贝塔做了个莫名其妙的手势,她真的不明白是怎么回事。
“我小时候就记得,我跟我祖母聊天,我说我想拥有一种看穿一切的本领。人们把这种能力叫做’未卜先知’。很久以来,传说都说只有少数血统纯正的鲛人贵族有这种能力,就像毒族黑魔法的’穿心术’。但古老的水族,是一种先天就有的天赋,不需要后天的培养,或者严苛的试炼。你知道自己有这种能力已经多久了?”

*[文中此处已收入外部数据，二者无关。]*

(* For every graph $G$, $f^-(G+K_1)=f^-(G)$ and $f^+(G+K_1)=f^+(G)$.
   Context: All graphs are finite, simple, undirected and connected. $N[v]=N(v)\cup\{v\}$ is the closed neighbourhood. A chromatic colouring of $G$ is a proper vertex colouring $c:V(G)\to\{c_1,\dots,c_{\chi(G)}\}$. With respect to $c$, a vertex $v$ yields a rainbow neighbourhood if $N[v]$ contains a vertex of each colour $c_1,\dots,c_{\chi(G)}$; $r_\chi(G)$ is the number of such vertices, and $r^-_\chi(G)$, $r^+_\chi(G)$ are its minimum and maximum over all chromatic colourings of $G$. Fading: for a set $F\subseteq V(G)$ (a fade set), the vertices of $F$ receive a transparent colour $c^\circ$ not among $c_1,\dots,c_{\chi(G)}$; after fading, $v$ yields a rainbow neighbourhood iff for every $i$ some vertex of $N[v]\setminus F$ has colour $c_i$. The fading number $f^-(G)$ is the maximum $|F|$ over chromatic colourings $c$ attaining $r_\chi=r^-_\chi(G)$ and fade sets $F$ such that, after fading $F$, the number of vertices yielding rainbow neighbourhoods is still $r^-_\chi(G)$; $f^+(G)$ is defined analogously with $r^+_\chi(G)$. The join $G_1+G_2$ of vertex-disjoint graphs is $G_1\cup G_2$ together with all edges joining a vertex of $G_1$ to a vertex of $G_2$. *)

theory Defs
  imports Main
begin

definition simple_graph :: "'a set \<Rightarrow> 'a set set \<Rightarrow> bool" where
  "simple_graph V E \<longleftrightarrow> finite V \<and> (\<forall>e\<in>E. \<exists>u v. e = {u, v} \<and> u \<noteq> v \<and> u \<in> V \<and> v \<in> V)"

definition adj_rel :: "'a set set \<Rightarrow> ('a \<times> 'a) set" where
  "adj_rel E = {(u, v). {u, v} \<in> E}"

definition connected_graph :: "'a set \<Rightarrow> 'a set set \<Rightarrow> bool" where
  "connected_graph V E \<longleftrightarrow> simple_graph V E \<and> V \<noteq> {} \<and>
     (\<forall>u\<in>V. \<forall>v\<in>V. (u, v) \<in> (adj_rel E)\<^sup>*)"

definition closed_nbhd :: "'a set \<Rightarrow> 'a set set \<Rightarrow> 'a \<Rightarrow> 'a set" where
  "closed_nbhd V E v = insert v {u \<in> V. {u, v} \<in> E}"

definition proper_colouring :: "'a set \<Rightarrow> 'a set set \<Rightarrow> ('a \<Rightarrow> nat) \<Rightarrow> nat \<Rightarrow> bool" where
  "proper_colouring V E c k \<longleftrightarrow> (\<forall>v\<in>V. c v \<in> {1..k}) \<and>
     (\<forall>u\<in>V. \<forall>v\<in>V. {u, v} \<in> E \<longrightarrow> c u \<noteq> c v)"

definition chromatic_number :: "'a set \<Rightarrow> 'a set set \<Rightarrow> nat" where
  "chromatic_number V E = (LEAST k. \<exists>c. proper_colouring V E c k)"

definition chromatic_colouring :: "'a set \<Rightarrow> 'a set set \<Rightarrow> ('a \<Rightarrow> nat) \<Rightarrow> bool" where
  "chromatic_colouring V E c \<longleftrightarrow> proper_colouring V E c (chromatic_number V E)"

text \<open>Number of vertices yielding a rainbow neighbourhood after fading the set F.\<close>
definition rainbow_count :: "'a set \<Rightarrow> 'a set set \<Rightarrow> ('a \<Rightarrow> nat) \<Rightarrow> 'a set \<Rightarrow> nat" where
  "rainbow_count V E c F = card {v \<in> V. \<forall>i \<in> {1..chromatic_number V E}.
       \<exists>u \<in> closed_nbhd V E v - F. c u = i}"

definition r_minus :: "'a set \<Rightarrow> 'a set set \<Rightarrow> nat" where
  "r_minus V E = Min {rainbow_count V E c {} | c. chromatic_colouring V E c}"

definition r_plus :: "'a set \<Rightarrow> 'a set set \<Rightarrow> nat" where
  "r_plus V E = Max {rainbow_count V E c {} | c. chromatic_colouring V E c}"

definition fading_minus :: "'a set \<Rightarrow> 'a set set \<Rightarrow> nat" where
  "fading_minus V E = Max {card F | c F. chromatic_colouring V E c \<and> F \<subseteq> V \<and>
      rainbow_count V E c {} = r_minus V E \<and> rainbow_count V E c F = r_minus V E}"

definition fading_plus :: "'a set \<Rightarrow> 'a set set \<Rightarrow> nat" where
  "fading_plus V E = Max {card F | c F. chromatic_colouring V E c \<and> F \<subseteq> V \<and>
      rainbow_count V E c {} = r_plus V E \<and> rainbow_count V E c F = r_plus V E}"

text \<open>The join G + K_1, where the K_1 has the new vertex w (not in V).\<close>
definition join_K1_V :: "'a set \<Rightarrow> 'a \<Rightarrow> 'a set" where
  "join_K1_V V w = insert w V"

definition join_K1_E :: "'a set \<Rightarrow> 'a set set \<Rightarrow> 'a \<Rightarrow> 'a set set" where
  "join_K1_E V E w = E \<union> {{w, v} | v. v \<in> V}"

end

theory Submission
  imports Defs
begin

text \<open>The apex \<open>w\<close> of \<open>G + K\<^sub>1\<close> is adjacent to every vertex, so in a proper colouring its
  colour occurs nowhere else. Hence \<open>\<chi>(G + K\<^sub>1) = \<chi>(G) + 1\<close>, and chromatic colourings of
  \<open>G + K\<^sub>1\<close> correspond to chromatic colourings of \<open>G\<close>: delete the colour of \<open>w\<close> and
  renumber, or give \<open>w\<close> the new colour \<open>\<chi>(G) + 1\<close>. Under this correspondence a vertex of
  \<open>G\<close> is rainbow in \<open>G + K\<^sub>1\<close> iff it is rainbow in \<open>G\<close> (the apex supplies its colour),
  while \<open>w\<close> is rainbow iff no colour is faded away completely; this holds whenever some vertex
  of \<open>G\<close> stays rainbow, in particular before fading, as every chromatic colouring has a rainbow
  vertex. Fading \<open>w\<close> destroys all rainbow neighbourhoods. So \<open>r\<^sup>-\<close> and \<open>r\<^sup>+\<close> grow by
  one, and the admissible fade sets of \<open>G + K\<^sub>1\<close> are exactly those of \<open>G\<close>.\<close>

lemma simple_graph_finite: "simple_graph V E \<Longrightarrow> finite V"
  by (simp add: simple_graph_def)

lemma simple_graph_no_loop: "simple_graph V E \<Longrightarrow> {u} \<notin> E"
  unfolding simple_graph_def by (auto simp: doubleton_eq_iff)

lemma closed_nbhd_subset: "v \<in> V \<Longrightarrow> closed_nbhd V E v \<subseteq> V"
  unfolding closed_nbhd_def by auto

lemma proper_colouring_card:
  assumes "simple_graph V E"
  shows "\<exists>c. proper_colouring V E c (card V)"
proof -
  obtain f where f: "bij_betw f V {0..<card V}"
    using simple_graph_finite[OF assms] ex_bij_betw_finite_nat by blast
  then have "inj_on f V" "\<forall>v\<in>V. f v < card V"
    by (auto simp: bij_betw_def)
  then have "proper_colouring V E (\<lambda>v. Suc (f v)) (card V)"
    using simple_graph_no_loop[OF assms] unfolding proper_colouring_def inj_on_def
    by (auto simp: Suc_leI)
  then show ?thesis by blast
qed

lemma chromatic_number_le: "proper_colouring V E c m \<Longrightarrow> chromatic_number V E \<le> m"
  unfolding chromatic_number_def by (rule Least_le) blast

lemma chromatic_colouring_exists:
  assumes "proper_colouring V E c m"
  shows "\<exists>c. chromatic_colouring V E c"
  unfolding chromatic_colouring_def chromatic_number_def
  by (rule LeastI_ex) (use assms in blast)

definition delete_colour :: "nat \<Rightarrow> ('a \<Rightarrow> nat) \<Rightarrow> 'a \<Rightarrow> nat" where
  "delete_colour j c v = (if j < c v then c v - 1 else c v)"

lemma proper_colouring_delete_colour:
  assumes "proper_colouring V E c m" "j \<in> {1..m}" "\<forall>v\<in>V. c v \<noteq> j"
  shows "proper_colouring V E (delete_colour j c) (m - 1)"
proof -
  have "delete_colour j c u \<noteq> delete_colour j c v" if "c u \<noteq> c v" "c u \<noteq> j" "c v \<noteq> j" for u v
    using that unfolding delete_colour_def by auto
  moreover have "delete_colour j c v \<in> {1..m - 1}" if "c v \<in> {1..m}" "c v \<noteq> j" for v
    using that assms(2) unfolding delete_colour_def by auto
  ultimately show ?thesis
    using assms unfolding proper_colouring_def by metis
qed

lemma chromatic_colouring_surj:
  assumes "chromatic_colouring V E c"
  shows "{1..chromatic_number V E} \<subseteq> c ` V"
proof
  fix i assume i: "i \<in> {1..chromatic_number V E}"
  show "i \<in> c ` V"
  proof (rule ccontr)
    assume "i \<notin> c ` V"
    then have "proper_colouring V E (delete_colour i c) (chromatic_number V E - 1)"
      using assms i proper_colouring_delete_colour unfolding chromatic_colouring_def by blast
    then show False
      using chromatic_number_le i by fastforce
  qed
qed

lemma delete_colour_image_covers:
  assumes "j \<in> {1..Suc k}" "\<forall>u\<in>S. c u \<noteq> j"
  shows "{1..k} \<subseteq> delete_colour j c ` S \<longleftrightarrow> {1..Suc k} - {j} \<subseteq> c ` S"
proof
  assume cover: "{1..k} \<subseteq> delete_colour j c ` S"
  show "{1..Suc k} - {j} \<subseteq> c ` S"
  proof
    fix i assume i: "i \<in> {1..Suc k} - {j}"
    define i' where "i' = (if j < i then i - 1 else i)"
    have "i' \<in> {1..k}"
      using i assms(1) unfolding i'_def by auto
    then obtain u where u: "u \<in> S" "delete_colour j c u = i'"
      using cover by blast
    have "c u \<noteq> j" "i \<noteq> j"
      using assms(2) u(1) i by auto
    with u(2) have "c u = i"
      unfolding delete_colour_def i'_def by (simp split: if_splits)
    with u(1) show "i \<in> c ` S" by blast
  qed
next
  assume cover: "{1..Suc k} - {j} \<subseteq> c ` S"
  show "{1..k} \<subseteq> delete_colour j c ` S"
  proof
    fix i assume i: "i \<in> {1..k}"
    define i' where "i' = (if j \<le> i then Suc i else i)"
    have "i' \<in> {1..Suc k} - {j}"
      using i unfolding i'_def by auto
    then obtain u where "u \<in> S" "c u = i'"
      using cover by blast
    then have "u \<in> S" "delete_colour j c u = i"
      unfolding delete_colour_def i'_def by auto
    then show "i \<in> delete_colour j c ` S" by blast
  qed
qed

lemma proper_colouring_recolour_top:
  assumes proper: "proper_colouring V E c (Suc k)"
    and m: "\<forall>v\<in>V. c v = Suc k \<longrightarrow> m v \<in> {1..k} \<and> m v \<notin> c ` closed_nbhd V E v"
  shows "proper_colouring V E (\<lambda>v. if c v = Suc k then m v else c v) k"
  unfolding proper_colouring_def
proof (intro conjI ballI impI)
  fix v assume "v \<in> V"
  then show "(if c v = Suc k then m v else c v) \<in> {1..k}"
    using proper m unfolding proper_colouring_def by (auto simp: le_Suc_eq)
next
  fix u v assume uv: "u \<in> V" "v \<in> V" "{u, v} \<in> E"
  then have "c u \<in> c ` closed_nbhd V E v" "c v \<in> c ` closed_nbhd V E u"
    unfolding closed_nbhd_def by (auto simp: insert_commute)
  moreover have "c u \<noteq> c v"
    using proper uv unfolding proper_colouring_def by blast
  ultimately show "(if c u = Suc k then m u else c u) \<noteq> (if c v = Suc k then m v else c v)"
    using m uv by auto
qed

definition rainbow_vertices :: "'a set \<Rightarrow> 'a set set \<Rightarrow> ('a \<Rightarrow> nat) \<Rightarrow> 'a set \<Rightarrow> 'a set" where
  "rainbow_vertices V E c F = {v \<in> V. {1..chromatic_number V E} \<subseteq> c ` (closed_nbhd V E v - F)}"

lemma rainbow_count_eq_card: "rainbow_count V E c F = card (rainbow_vertices V E c F)"
proof -
  have "(\<forall>i\<in>A. \<exists>u\<in>S. c u = i) \<longleftrightarrow> A \<subseteq> c ` S" for A S
    by (auto simp: image_iff)
  then show ?thesis
    unfolding rainbow_count_def rainbow_vertices_def by (simp only:)
qed

lemma rainbow_vertices_subset: "rainbow_vertices V E c F \<subseteq> V"
  unfolding rainbow_vertices_def by blast

lemma rainbow_vertices_antimono: "F \<subseteq> G \<Longrightarrow> rainbow_vertices V E c G \<subseteq> rainbow_vertices V E c F"
  unfolding rainbow_vertices_def by blast

lemma rainbow_vertices_cong:
  "\<forall>v\<in>V. c v = d v \<Longrightarrow> rainbow_vertices V E c F = rainbow_vertices V E d F"
proof -
  assume "\<forall>v\<in>V. c v = d v"
  then have "c ` (closed_nbhd V E v - F) = d ` (closed_nbhd V E v - F)" if "v \<in> V" for v
    using closed_nbhd_subset[OF that] by (intro image_cong) auto
  then show ?thesis
    unfolding rainbow_vertices_def by (intro Collect_cong conj_cong refl) simp
qed

lemma rainbow_vertices_covers:
  assumes "v \<in> rainbow_vertices V E c F"
  shows "{1..chromatic_number V E} \<subseteq> c ` (V - F)"
proof -
  have v: "v \<in> V"
    using assms unfolding rainbow_vertices_def by simp
  have "{1..chromatic_number V E} \<subseteq> c ` (closed_nbhd V E v - F)"
    using assms unfolding rainbow_vertices_def by simp
  also have "\<dots> \<subseteq> c ` (V - F)"
    using closed_nbhd_subset[OF v] by (intro image_mono) blast
  finally show ?thesis .
qed

lemma rainbow_vertices_faded_colour:
  assumes "j \<in> {1..chromatic_number V E}" "\<forall>u\<in>V - F. c u \<noteq> j"
  shows "rainbow_vertices V E c F = {}"
proof (rule equals0I)
  fix v assume "v \<in> rainbow_vertices V E c F"
  then have "j \<in> c ` (V - F)"
    using assms(1) by (blast dest: rainbow_vertices_covers)
  with assms(2) show False by blast
qed

lemma rainbow_count_antimono:
  "finite V \<Longrightarrow> F \<subseteq> G \<Longrightarrow> rainbow_count V E c G \<le> rainbow_count V E c F"
  unfolding rainbow_count_eq_card
  by (intro card_mono rainbow_vertices_antimono) (auto intro: finite_subset[OF rainbow_vertices_subset])

lemma rainbow_count_le_card: "finite V \<Longrightarrow> rainbow_count V E c F \<le> card V"
  unfolding rainbow_count_eq_card by (intro card_mono rainbow_vertices_subset)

自从这孩子被恐怖的海鸥攻击以后,纳比纳斯就发觉了这一点,她对事情的反应和普通人不一样,纳比纳斯的感觉非常明显。所谓“未卜先知”,是一种洞察过去的能力,许多人都曾有过幻觉,但他们的感觉非常短暂,不能在大脑中形成具体的画面,只是在事情真的发生的那一刻才有种似曾相识感,好像故地重游。只有极少的人能够大量储存发生过的具体画面,形成对大脑的完整信息传递。所以这就可以解释为何贝塔不用指南针就可以辨别方向给他带路,以及她总是莫名其妙地发呆而忧郁。发生过那古怪的事后,她的表情先是正常的惊吓,而后变成了惊奇,最后怀疑而忧虑。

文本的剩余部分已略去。